そして、何度も母が私に伝えてくれていたこと。「おばあちゃんね、あなたが生まれてから間もなく、個人病院の外科の先生がたまたま乳がんを見つけてくれたの。そこから闘病生活が始まったのだけど、なんかね、おばあちゃんはあなたが生まれてくるのを待っていたような気がしてね。今回も、毎日仏壇の前でおじいちゃんとおばあちゃんに祈っていたの。
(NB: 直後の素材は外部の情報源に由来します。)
lemma inj_on_d_filter: assumes x: "is_filter L x" shows "inj_on (pg_d L) x"
proof (rule inj_onI)
  fix a b assume a: "a \<in> x" and b: "b \<in> x" and d_eq: "pg_d L a = pg_d L b"
  obtain n where "pprec L a n" and "pprec L b n"
    using filter_directed[OF x a b] by blast
  then obtain k j where "a \<in> pg_mor L" "k \<in> pg_mor L" "pg_s L a = pg_r L k" "n = a \<star> k"
    and "b \<in> pg_mor L" "j \<in> pg_mor L" "pg_s L b = pg_r L j" "n = b \<star> j"
    unfolding pprec_iff by blast
  then show "a = b"
    using factorisation_unique[of a k b j] d_eq by simp
qed

lemma seg_eq: "is_filter L x \<Longrightarrow> l \<in> x \<Longrightarrow> seg L x (pg_d L l) = l"
  unfolding seg_def using inj_on_d_filter by (auto intro: the_equality dest: inj_onD)

lemma shift_eq:
  "is_filter L x \<Longrightarrow> u \<in> x \<Longrightarrow>
   shift L x (pg_d L u) = {t \<in> pg_mor L. pg_s L u = pg_r L t \<and> u \<star> t \<in> x}"
  by (simp add: shift_def seg_eq)

lemma shift_factor:
  assumes x: "is_filter L x" and y: "y \<in> x" and uy: "pprec L u y"
  obtains y' where "y' \<in> shift L x (pg_d L u)" and "y = u \<star> y'"
proof -
  have u: "u \<in> x"
    using filter_hereditary[OF x y uy] .
  obtain y' where "y' \<in> pg_mor L" "pg_s L u = pg_r L y'" "y = u \<star> y'"
    using uy unfolding pprec_iff by blast
  then show ?thesis
    using that y unfolding shift_eq[OF x u] by blast
qed

lemma s_mem_shift:
  assumes x: "is_filter L x" and u: "u \<in> x"
  shows "pg_s L u \<in> shift L x (pg_d L u)"
proof -
  have u_mor: "u \<in> pg_mor L"
    using filter_mor[OF x u] .
  then have "pg_s L u \<in> pg_mor L" and "pg_r L (pg_s L u) = pg_s L u"
    using obj_in_mor s_in_obj r_obj by simp_all
  then show ?thesis
    unfolding shift_eq[OF x u] using comp_s_right[OF u_mor] u by simp
qed

lemma is_filter_shift:
  assumes x: "is_filter L x" and u: "u \<in> x"
  shows "is_filter L (shift L x (pg_d L u))"
proof -
  have u_mor: "u \<in> pg_mor L"
    using filter_mor[OF x u] .
  show ?thesis
    unfolding is_filter_def
  proof (intro conjI ballI allI impI)
    show "shift L x (pg_d L u) \<subseteq> pg_mor L"
      unfolding shift_eq[OF x u] by blast
    show "shift L x (pg_d L u) \<noteq> {}"
      using s_mem_shift[OF x u] by blast
  next
    fix l a assume l: "l \<in> shift L x (pg_d L u)" and al: "pprec L a l"
    have l_mor: "l \<in> pg_mor L" and ul: "pg_s L u = pg_r L l" and "u \<star> l \<in> x"
      using l unfolding shift_eq[OF x u] by auto
    moreover have a_mor: "a \<in> pg_mor L" and ua: "pg_s L u = pg_r L a"
      using pprec_D[OF al] ul by auto
    ultimately have "u \<star> a \<in> x"
      using filter_hereditary[OF x] pprec_comp_left_iff[OF u_mor a_mor l_mor ua ul] al by blast
    then show "a \<in> shift L x (pg_d L u)"
      unfolding shift_eq[OF x u] using a_mor ua by simp
  next
    fix a b assume a: "a \<in> shift L x (pg_d L u)" and b: "b \<in> shift L x (pg_d L u)"
    have a_mor: "a \<in> pg_mor L" and ua: "pg_s L u = pg_r L a" and "u \<star> a \<in> x"
      using a unfolding shift_eq[OF x u] by auto
    have b_mor: "b \<in> pg_mor L" and ub: "pg_s L u = pg_r L b" and "u \<star> b \<in> x"
      using b unfolding shift_eq[OF x u] by auto
    then obtain y where y: "y \<in> x" "pprec L (u \<star> a) y" "pprec L (u \<star> b) y"
      using filter_directed[OF x \<open>u \<star> a \<in> x\<close>] by blast
    then have "pprec L u y"
      using pprec_trans[OF pprec_comp[OF u_mor a_mor ua]] by blast
    then obtain y' where y': "y' \<in> shift L x (pg_d L u)" and y_eq: "y = u \<star> y'"
      using shift_factor[OF x y(1)] by blast
    have y'_mor: "y' \<in> pg_mor L" and uy': "pg_s L u = pg_r L y'"
      using y' unfolding shift_eq[OF x u] by auto
    have "pprec L a y'" and "pprec L b y'"
      using y y_eq pprec_comp_left_iff[OF u_mor a_mor y'_mor ua uy']
        pprec_comp_left_iff[OF u_mor b_mor y'_mor ub uy'] by simp_all
    with y' show "\<exists>n\<in>shift L x (pg_d L u). pprec L a n \<and> pprec L b n"
      by blast
  qed
qed

lemma filter_r_shift:
  "is_filter L x \<Longrightarrow> u \<in> x \<Longrightarrow> filter_r L (shift L x (pg_d L u)) = pg_s L u"
  using filter_r_eq[OF is_filter_shift s_mem_shift] r_obj s_in_obj filter_mor by simp

lemma fmult_shift:
  assumes x: "is_filter L x" and u: "u \<in> x"
  shows "fmult L u (shift L x (pg_d L u)) = x"
proof (intro equalityI subsetI)
  fix t assume "t \<in> fmult L u (shift L x (pg_d L u))"
  then obtain g where "g \<in> shift L x (pg_d L u)" and tg: "pprec L t (u \<star> g)"
    unfolding fmult_def by blast
  then have "u \<star> g \<in> x"
    unfolding shift_eq[OF x u] by blast
  then show "t \<in> x"
    using filter_hereditary[OF x _ tg] by blast
next
  fix t assume t: "t \<in> x"
  obtain y where y: "y \<in> x" "pprec L t y" "pprec L u y"
    using filter_directed[OF x t u] by blast
  then obtain y' where "y' \<in> shift L x (pg_d L u)" and "y = u \<star> y'"
    using shift_factor[OF x] by blast
  then show "t \<in> fmult L u (shift L x (pg_d L u))"
    unfolding fmult_def using filter_mor[OF x t] y(2) by blast
qed

lemma shift_in_path_space:
  assumes x: "x \<in> path_space L" and u: "u \<in> x"
  shows "shift L x (pg_d L u) \<in> path_space L"
proof -
  have x_filter: "is_filter L x"
    using x unfolding path_space_def by blast
  obtain a where a: "a \<in> x" "a \<in> FA L"
    using x unfolding path_space_def by blast
  obtain y where y: "y \<in> x" "pprec L a y" "pprec L u y"
    using filter_directed[OF x_filter a(1) u] by blast
  then obtain y' where y': "y' \<in> shift L x (pg_d L u)" and y_eq: "y = u \<star> y'"
    using shift_factor[OF x_filter] by blast
  have "y' \<in> pg_mor L" and "pg_s L u = pg_r L y'"
    using y' unfolding shift_eq[OF x_filter u] by auto
  then have "y' \<in> FA L"
    using FA_comp_left_cancel[OF filter_mor[OF x_filter u]] FA_mono[OF a(2) y(2)] y_eq by simp
  then show ?thesis
    unfolding path_space_def using is_filter_shift[OF x_filter u] y' by blast
qed

lemma mem_fmult_self:
  assumes x: "is_filter L x" and m: "m \<in> pg_mor L" and sm: "pg_s L m = filter_r L x"
  shows "m \<in> fmult L m x"
proof -
  have "m \<star> filter_r L x = m"
    using comp_s_right[OF m] sm by simp
  then show ?thesis
    unfolding fmult_def using m filter_r_mem[OF x] pprec_refl[OF m] by force
qed

lemma shift_fmult:
  assumes x: "is_filter L x" and m: "m \<in> pg_mor L" and sm: "pg_s L m = filter_r L x"
    and mx: "is_filter L (fmult L m x)"
  shows "shift L (fmult L m x) (pg_d L m) = x"
proof (intro equalityI subsetI)
  fix t assume "t \<in> shift L (fmult L m x) (pg_d L m)"
  then have t: "t \<in> pg_mor L" "pg_s L m = pg_r L t" and "m \<star> t \<in> fmult L m x"
    unfolding shift_eq[OF mx mem_fmult_self[OF x m sm]] by auto
  then obtain g where g: "g \<in> x" and "pprec L (m \<star> t) (m \<star> g)"
    unfolding fmult_def by blast
  moreover have "g \<in> pg_mor L" and "pg_s L m = pg_r L g"
    using filter_mor[OF x g] filter_r_eq[OF x g] sm by simp_all
  ultimately have "pprec L t g"
    using pprec_comp_left_iff[OF m t(1)] t(2) by simp
  then show "t \<in> x"
    using filter_hereditary[OF x g] by blast
next
  fix t assume t: "t \<in> x"
  have t_mor: "t \<in> pg_mor L" and mt: "pg_s L m = pg_r L t"
    using filter_mor[OF x t] filter_r_eq[OF x t] sm by simp_all
  then have "m \<star> t \<in> fmult L m x"
    unfolding fmult_def using comp_in_mor[OF m] pprec_refl t by blast
  then show "t \<in> shift L (fmult L m x) (pg_d L m)"
    unfolding shift_eq[OF mx mem_fmult_self[OF x m sm]] using t_mor mt by simp
qed

lemma path_groupoid_common_tail:
  assumes "(x, q, y) \<in> path_groupoid Q P L"
  obtains z u v where "z \<in> path_space L" "u \<in> pg_mor L" "v \<in> pg_mor L"
    "pg_s L u = filter_r L z" "pg_s L v = filter_r L z"
    "x = fmult L u z" "y = fmult L v z" "q = pg_d L u \<otimes>\<^bsub>Q\<^esub> inv\<^bsub>Q\<^esub> pg_d L v"
proof -
  obtain u v where x: "x \<in> path_space L" "u \<in> x" and y: "y \<in> path_space L" "v \<in> y"
    and q: "q = pg_d L u \<otimes>\<^bsub>Q\<^esub> inv\<^bsub>Q\<^esub> pg_d L v"
    and tails_eq: "shift L x (pg_d L u) = shift L y (pg_d L v)"
    using assms unfolding path_groupoid_def in_dom_def by blast
  let ?z = "shift L x (pg_d L u)"
  have x_filter: "is_filter L x" and y_filter: "is_filter L y"
    using x y unfolding path_space_def by auto
  have "?z \<in> path_space L" and "u \<in> pg_mor L" and "v \<in> pg_mor L"
    using shift_in_path_space[OF x] filter_mor[OF x_filter x(2)] filter_mor[OF y_filter y(2)] .
  moreover have "pg_s L u = filter_r L ?z" and "pg_s L v = filter_r L ?z"
    using filter_r_shift[OF x_filter x(2)] filter_r_shift[OF y_filter y(2)] tails_eq by simp_all
  moreover have "x = fmult L u ?z" and "y = fmult L v ?z"
    using fmult_shift[OF x_filter x(2)] fmult_shift[OF y_filter y(2)] tails_eq by simp_all
  ultimately show ?thesis
    using that q by blast
qed

lemma fmult_in_path_groupoid:
  assumes x: "is_filter L x"
    and m: "m \<in> pg_mor L" "pg_s L m = filter_r L x" and n: "n \<in> pg_mor L" "pg_s L n = filter_r L x"
    and mx: "fmult L m x \<in> path_space L" and nx: "fmult L n x \<in> path_space L"
  shows "(fmult L m x, pg_d L m \<otimes>\<^bsub>Q\<^esub> inv\<^bsub>Q\<^esub> pg_d L n, fmult L n x) \<in> path_groupoid Q P L"
proof -
  have "in_dom L (fmult L m x) (pg_d L m)" and "in_dom L (fmult L n x) (pg_d L n)"
    unfolding in_dom_def using mem_fmult_self[OF x m] mem_fmult_self[OF x n] by blast+
  moreover have "shift L (fmult L m x) (pg_d L m) = shift L (fmult L n x) (pg_d L n)"
    using mx nx shift_fmult[OF x m] shift_fmult[OF x n] unfolding path_space_def by simp
  ultimately show ?thesis
    unfolding path_groupoid_def using mx nx d_in_P[OF m(1)] d_in_P[OF n(1)] by blast
qed
lemma abs_saw_sum_cf_le:
  "N < cf_denom \<alpha> (Suc m) \<Longrightarrow>
    \<bar>saw_sum (real (cf_denom \<alpha> m) / real (cf_denom \<alpha> (Suc m))) N\<bar> \<le> cf_saw_bound \<alpha> (Suc m)"
proof (induction m arbitrary: N)
  case 0
  define q where "q = cf_denom \<alpha> 1"
  have "\<bar>saw_sum (real 1 / real q) N + (real 1 / real q) * saw_sum (real 0 / real 1) (N * 1 div q)\<bar>
        \<le> 14 + ln (real q / real 1)"
    by (rule saw_sum_reciprocity[where a = q]) (use 0 cf_denom_ge_1[of 1] in \<open>auto simp: q_def\<close>)
  then show ?case using 0 by (simp add: saw_sum_def q_def)
next
  case (Suc m)
  define s where "s = cf_denom \<alpha> (Suc m)"
  define Q where "Q = cf_denom \<alpha> (Suc (Suc m))"
  define K where "K = N * s div Q"
  define G where "G = saw_sum (real (cf_denom \<alpha> m) / real s) K"
  have s: "s \<ge> 1" "s \<le> Q" and cop: "coprime s Q"
    unfolding s_def Q_def by (rule cf_denom_ge_1 cf_denom_le_Suc coprime_cf_denom)+
  have Q: "Q = cf_digit \<alpha> (Suc (Suc m)) * s + cf_denom \<alpha> m" unfolding Q_def s_def by simp
  have N: "N < Q" using Suc.prems unfolding Q_def .
  then have "K < s" unfolding K_def using s by (simp add: div_less_iff_less_mult)
  then have IH: "\<bar>G\<bar> \<le> cf_saw_bound \<alpha> (Suc m)" unfolding G_def s_def by (rule Suc.IH)
  have "\<bar>(real s / real Q) * G\<bar> \<le> (real s / real Q) * cf_saw_bound \<alpha> (Suc m)"
    using mult_left_mono[OF IH, of "real s / real Q"] by (simp add: abs_mult)
  moreover have "\<bar>saw_sum (real s / real Q) N + (real s / real Q) * G\<bar> \<le> 14 + ln (real Q / real s)"
    unfolding K_def G_def by (rule saw_sum_reciprocity[OF s(1) cop Q s(2) N])
  moreover have "\<bar>saw_sum (real s / real Q) N\<bar>
      \<le> \<bar>(real s / real Q) * G\<bar> + \<bar>saw_sum (real s / real Q) N + (real s / real Q) * G\<bar>"
    using abs_triangle_ineq[of "- (real s / real Q) * G" "saw_sum (real s / real Q) N + (real s / real Q) * G"]
    by simp
  ultimately have "\<bar>saw_sum (real s / real Q) N\<bar>
      \<le> (real s / real Q) * cf_saw_bound \<alpha> (Suc m) + (14 + ln (real Q / real s))"
    by (meson add_mono order_trans)
  then show ?case unfolding s_def Q_def by (simp add: add.assoc)
qed

lemma cf_saw_bound_le_sum:
  "real (cf_denom \<alpha> m) * cf_saw_bound \<alpha> m
    \<le> 15 * (\<Sum>i<m. real (cf_denom \<alpha> (Suc i)) * real (cf_digit \<alpha> (Suc i)))"
proof (induction m)
  case (Suc m)
  have denom: "real (cf_denom \<alpha> m) \<ge> 1" "real (cf_denom \<alpha> (Suc m)) \<ge> 1" using cf_denom_ge_1 by simp_all
  have digit: "real (cf_digit \<alpha> (Suc m)) \<ge> 1" using cf_digit_ge_1[of m] by simp
  have "real (cf_denom \<alpha> (Suc m)) \<le> (real (cf_digit \<alpha> (Suc m)) + 1) * real (cf_denom \<alpha> m)"
    using cf_denom_Suc_le[of m] by (metis of_nat_1 of_nat_add of_nat_le_iff of_nat_mult)
  then have "real (cf_denom \<alpha> (Suc m)) / real (cf_denom \<alpha> m) - 1 \<le> real (cf_digit \<alpha> (Suc m))"
    using denom by (simp add: field_simps)
  then have "ln (real (cf_denom \<alpha> (Suc m)) / real (cf_denom \<alpha> m)) \<le> real (cf_digit \<alpha> (Suc m))"
    using ln_le_minus_one[of "real (cf_denom \<alpha> (Suc m)) / real (cf_denom \<alpha> m)"] denom by simp
  then have "real (cf_denom \<alpha> (Suc m)) * (14 + ln (real (cf_denom \<alpha> (Suc m)) / real (cf_denom \<alpha> m)))
      \<le> 15 * (real (cf_denom \<alpha> (Suc m)) * real (cf_digit \<alpha> (Suc m)))"
    using digit denom by (simp add: mult_left_mono)
  moreover have "real (cf_denom \<alpha> (Suc m)) * cf_saw_bound \<alpha> (Suc m) = real (cf_denom \<alpha> m) * cf_saw_bound \<alpha> m
      + real (cf_denom \<alpha> (Suc m)) * (14 + ln (real (cf_denom \<alpha> (Suc m)) / real (cf_denom \<alpha> m)))"
    using denom by (simp add: field_simps)
  ultimately show ?case using Suc.IH by (simp add: distrib_left)
qed simp

lemma sum_cf_denom_le: "(\<Sum>i\<le>n. real (cf_denom \<alpha> i)) \<le> real (cf_denom \<alpha> n) + real (cf_denom \<alpha> (Suc n))"
proof (induction n)
  case (Suc n)
  have "real (cf_denom \<alpha> (Suc n)) + real (cf_denom \<alpha> n) \<le> real (cf_denom \<alpha> (Suc (Suc n)))"
    using cf_denom_SucSuc_ge[of n] by (metis of_nat_add of_nat_le_iff)
  then show ?case using Suc by simp
qed simp

lemma cf_saw_bound_le_if_dominated:
  fixes M :: nat
  assumes dominated: "\<And>i. i \<le> m \<Longrightarrow> cf_digit \<alpha> (Suc i) \<le> M * cf_digit \<alpha> (Suc (Suc m))"
  shows "real (cf_denom \<alpha> (Suc m)) * cf_saw_bound \<alpha> (Suc m) \<le> 45 * real M * real (cf_denom \<alpha> (Suc (Suc m)))"
proof -
  have sum_q: "(\<Sum>i<Suc m. real (cf_denom \<alpha> (Suc i))) \<le> 3 * real (cf_denom \<alpha> (Suc m))"
  proof -
    have "(\<Sum>i<Suc m. real (cf_denom \<alpha> (Suc i))) \<le> (\<Sum>i\<le>Suc m. real (cf_denom \<alpha> i))"
      unfolding sum.atMost_Suc_shift lessThan_Suc_atMost by simp
    also have "\<dots> \<le> 3 * real (cf_denom \<alpha> (Suc m))"
      using sum_cf_denom_le[of m] cf_denom_le_Suc[of m] by simp
    finally show ?thesis .
  qed
  have next_q: "real (cf_digit \<alpha> (Suc (Suc m))) * real (cf_denom \<alpha> (Suc m)) \<le> real (cf_denom \<alpha> (Suc (Suc m)))"
    using cf_denom_Suc_ge[of \<alpha> "Suc m"] by (metis of_nat_le_iff of_nat_mult)
  have "(\<Sum>i<Suc m. real (cf_denom \<alpha> (Suc i)) * real (cf_digit \<alpha> (Suc i)))
      \<le> (\<Sum>i<Suc m. real (cf_denom \<alpha> (Suc i))) * (real M * real (cf_digit \<alpha> (Suc (Suc m))))"
    unfolding sum_distrib_right using dominated
    by (intro sum_mono mult_left_mono) (auto simp flip: of_nat_mult)
  also have "\<dots> \<le> 3 * real (cf_denom \<alpha> (Suc m)) * (real M * real (cf_digit \<alpha> (Suc (Suc m))))"
    by (rule mult_right_mono[OF sum_q]) simp
  also have "\<dots> = 3 * real M * (real (cf_digit \<alpha> (Suc (Suc m))) * real (cf_denom \<alpha> (Suc m)))" by (simp add: mult_ac)
  also have "\<dots> \<le> 3 * real M * real (cf_denom \<alpha> (Suc (Suc m)))" by (rule mult_left_mono[OF next_q]) simp
  finally have "(\<Sum>i<Suc m. real (cf_denom \<alpha> (Suc i)) * real (cf_digit \<alpha> (Suc i)))
      \<le> 3 * real M * real (cf_denom \<alpha> (Suc (Suc m)))" .
  then show ?thesis using cf_saw_bound_le_sum[of "Suc m"] by linarith
qed

lemma ln_sudler_cf_denom_le:
  fixes M :: nat
  assumes dominated: "\<And>i. i \<le> m \<Longrightarrow> cf_digit \<alpha> (Suc i) \<le> M * cf_digit \<alpha> (Suc (Suc m))"
  shows "ln (sudler (cf_denom \<alpha> (Suc m)) \<alpha>) \<le> 20 + 90 * real M"
proof -
  define \<tau> where "\<tau> = \<bar>cf_error \<alpha> (Suc m)\<bar>"
  define e :: int where "e = (-1) ^ m"
  have \<tau>_eq: "\<tau> = (\<Prod>k\<le>Suc m. gauss_orbit \<alpha> k)" unfolding \<tau>_def by (rule abs_cf_error)
  then have \<tau>: "0 < \<tau>" by (simp only: prod_gauss_orbit_pos)
  have \<tau>_next: "real (cf_denom \<alpha> (Suc (Suc m))) * \<tau> < 1" unfolding \<tau>_def by (rule cf_denom_mult_error_lt_1)
  then have \<tau>_q: "real (cf_denom \<alpha> (Suc m)) * \<tau> < 1"
    using cf_denom_le_Suc[of "Suc m"] \<tau> by (smt (verit) mult_right_mono of_nat_mono)
  have "cf_error \<alpha> (Suc m) = - of_int e * \<tau>"
    unfolding \<tau>_eq cf_error_eq_prod e_def by simp
  then have approx: "real (cf_denom \<alpha> (Suc m)) * \<alpha> - of_int (int (cf_num \<alpha> (Suc m))) = - of_int e * \<tau>"
    by (simp add: cf_error_def)
  have "ln (sudler (cf_denom \<alpha> (Suc m)) \<alpha>)
      \<le> 20 + 2 * \<tau> * real (cf_denom \<alpha> (Suc m))
             * \<bar>saw_sum (real (cf_denom \<alpha> m) / real (cf_denom \<alpha> (Suc m))) (cf_denom \<alpha> (Suc m) - 1)\<bar>"
    by (rule ln_sudler_le_saw_sum[OF cf_denom_ge_1 coprime_cf_denom cf_det[of \<alpha> m, folded e_def] _ approx \<tau> \<tau>_q])
       (simp add: e_def minus_one_power_iff)
  also have "\<dots> \<le> 20 + 2 * \<tau> * (real (cf_denom \<alpha> (Suc m)) * cf_saw_bound \<alpha> (Suc m))"
    using abs_saw_sum_cf_le[of "cf_denom \<alpha> (Suc m) - 1" m] cf_denom_ge_1[of "Suc m"] \<tau>
    by (simp add: mult_left_mono del: cf_saw_bound.simps)
  also have "\<dots> \<le> 20 + 2 * \<tau> * (45 * real M * real (cf_denom \<alpha> (Suc (Suc m))))"
    using cf_saw_bound_le_if_dominated[OF dominated] \<tau> by (intro add_left_mono mult_left_mono) auto
  also have "\<dots> = 20 + 90 * real M * (real (cf_denom \<alpha> (Suc (Suc m))) * \<tau>)" by (simp add: mult_ac)
  also have "\<dots> \<le> 20 + 90 * real M" using \<tau>_next by (simp add: mult_left_le)
  finally show ?thesis .
qed

lemma sudler_cf_denom_le_if_dominated:
  fixes M :: nat
  assumes "\<And>i. i \<le> m \<Longrightarrow> cf_digit \<alpha> (Suc i) \<le> M * cf_digit \<alpha> (Suc (Suc m))"
  shows "sudler (cf_denom \<alpha> (Suc m)) \<alpha> \<le> exp (20 + 90 * real M)"
  using le_exp_if_ln_le[OF sudler_nonneg ln_sudler_cf_denom_le[OF assms]] .

end

lemma infinite_dominated_indices:
  fixes f :: "nat \<Rightarrow> nat"
  assumes pos: "\<And>k. f k \<ge> 1"
  shows "\<exists>M. infinite {m. \<forall>i\<le>m. f i \<le> M * f (Suc m)}"
proof (cases "\<exists>B. \<forall>i. f i \<le> B")
  case True
  then obtain B where B: "\<And>i. f i \<le> B" by blast
  have "f i \<le> B * f (Suc m)" for i m
    using B[of i] pos[of "Suc m"] by (metis le_trans mult.right_neutral mult_le_mono2)
  then show ?thesis by (intro exI[of _ B]) simp
next
  case False
  have "infinite {m. \<forall>i\<le>m. f i \<le> 1 * f (Suc m)}"
    unfolding infinite_nat_iff_unbounded_le
  proof
    fix N
    define A where "A = Max (f ` {..N})"
    define k where "k = (LEAST k. A < f k)"
    obtain i where "A < f i" using False by (meson not_le)
    then have k: "A < f k" unfolding k_def by (rule LeastI)
    have below: "f j \<le> A" if "j < k" for j
      using not_less_Least[of j "\<lambda>k. A < f k"] that unfolding k_def by simp
    have "N < k"
    proof (rule ccontr)
      assume "\<not> N < k"
      then have "f k \<le> A" unfolding A_def by (intro Max_ge) auto
      then show False using k by simp
    qed
    then obtain m where m: "k = Suc m" "N \<le> m" by (cases k) auto
    have "\<forall>i\<le>m. f i \<le> 1 * f (Suc m)"
    proof (intro allI impI)
      fix i assume "i \<le> m"
      then have "f i \<le> A" using below m(1) by simp
      then show "f i \<le> 1 * f (Suc m)" using k m(1) by simp
    qed
    then show "\<exists>m\<ge>N. m \<in> {m. \<forall>i\<le>m. f i \<le> 1 * f (Suc m)}" using m by blast
  qed
  then show ?thesis by blast
qed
なんだかその祈りが届いたような気がしているよ。」祖母と交わした約束、母を守るということ。そして、葬儀の時に誓ったのは、祖母よりも長く生きるということ。「あなた、ちょっと不思議な子なのよ。」母がたまに口にするその理由は、何か目には見えない不思議な力が働くこともあるのかもしれないなと、それを謙虚に受け止めなかった時点で、その力は無くなるのだろうと思いました。

手術室の外で、待ってくれていた母。彼女の寿命を少し縮めてしまったのなら、また娘として延ばしていかなければ。「お母さん、私の卵巣を見てどう思った?」「最初は倒れるかと思ったんだけど、見てみたらチキンみたいだった。」「・・・チキンって。酷い。腫れあがったから原型留めていなくて、そう見えたんだよ~。」と二人で大爆笑。春も、もうすぐそこ。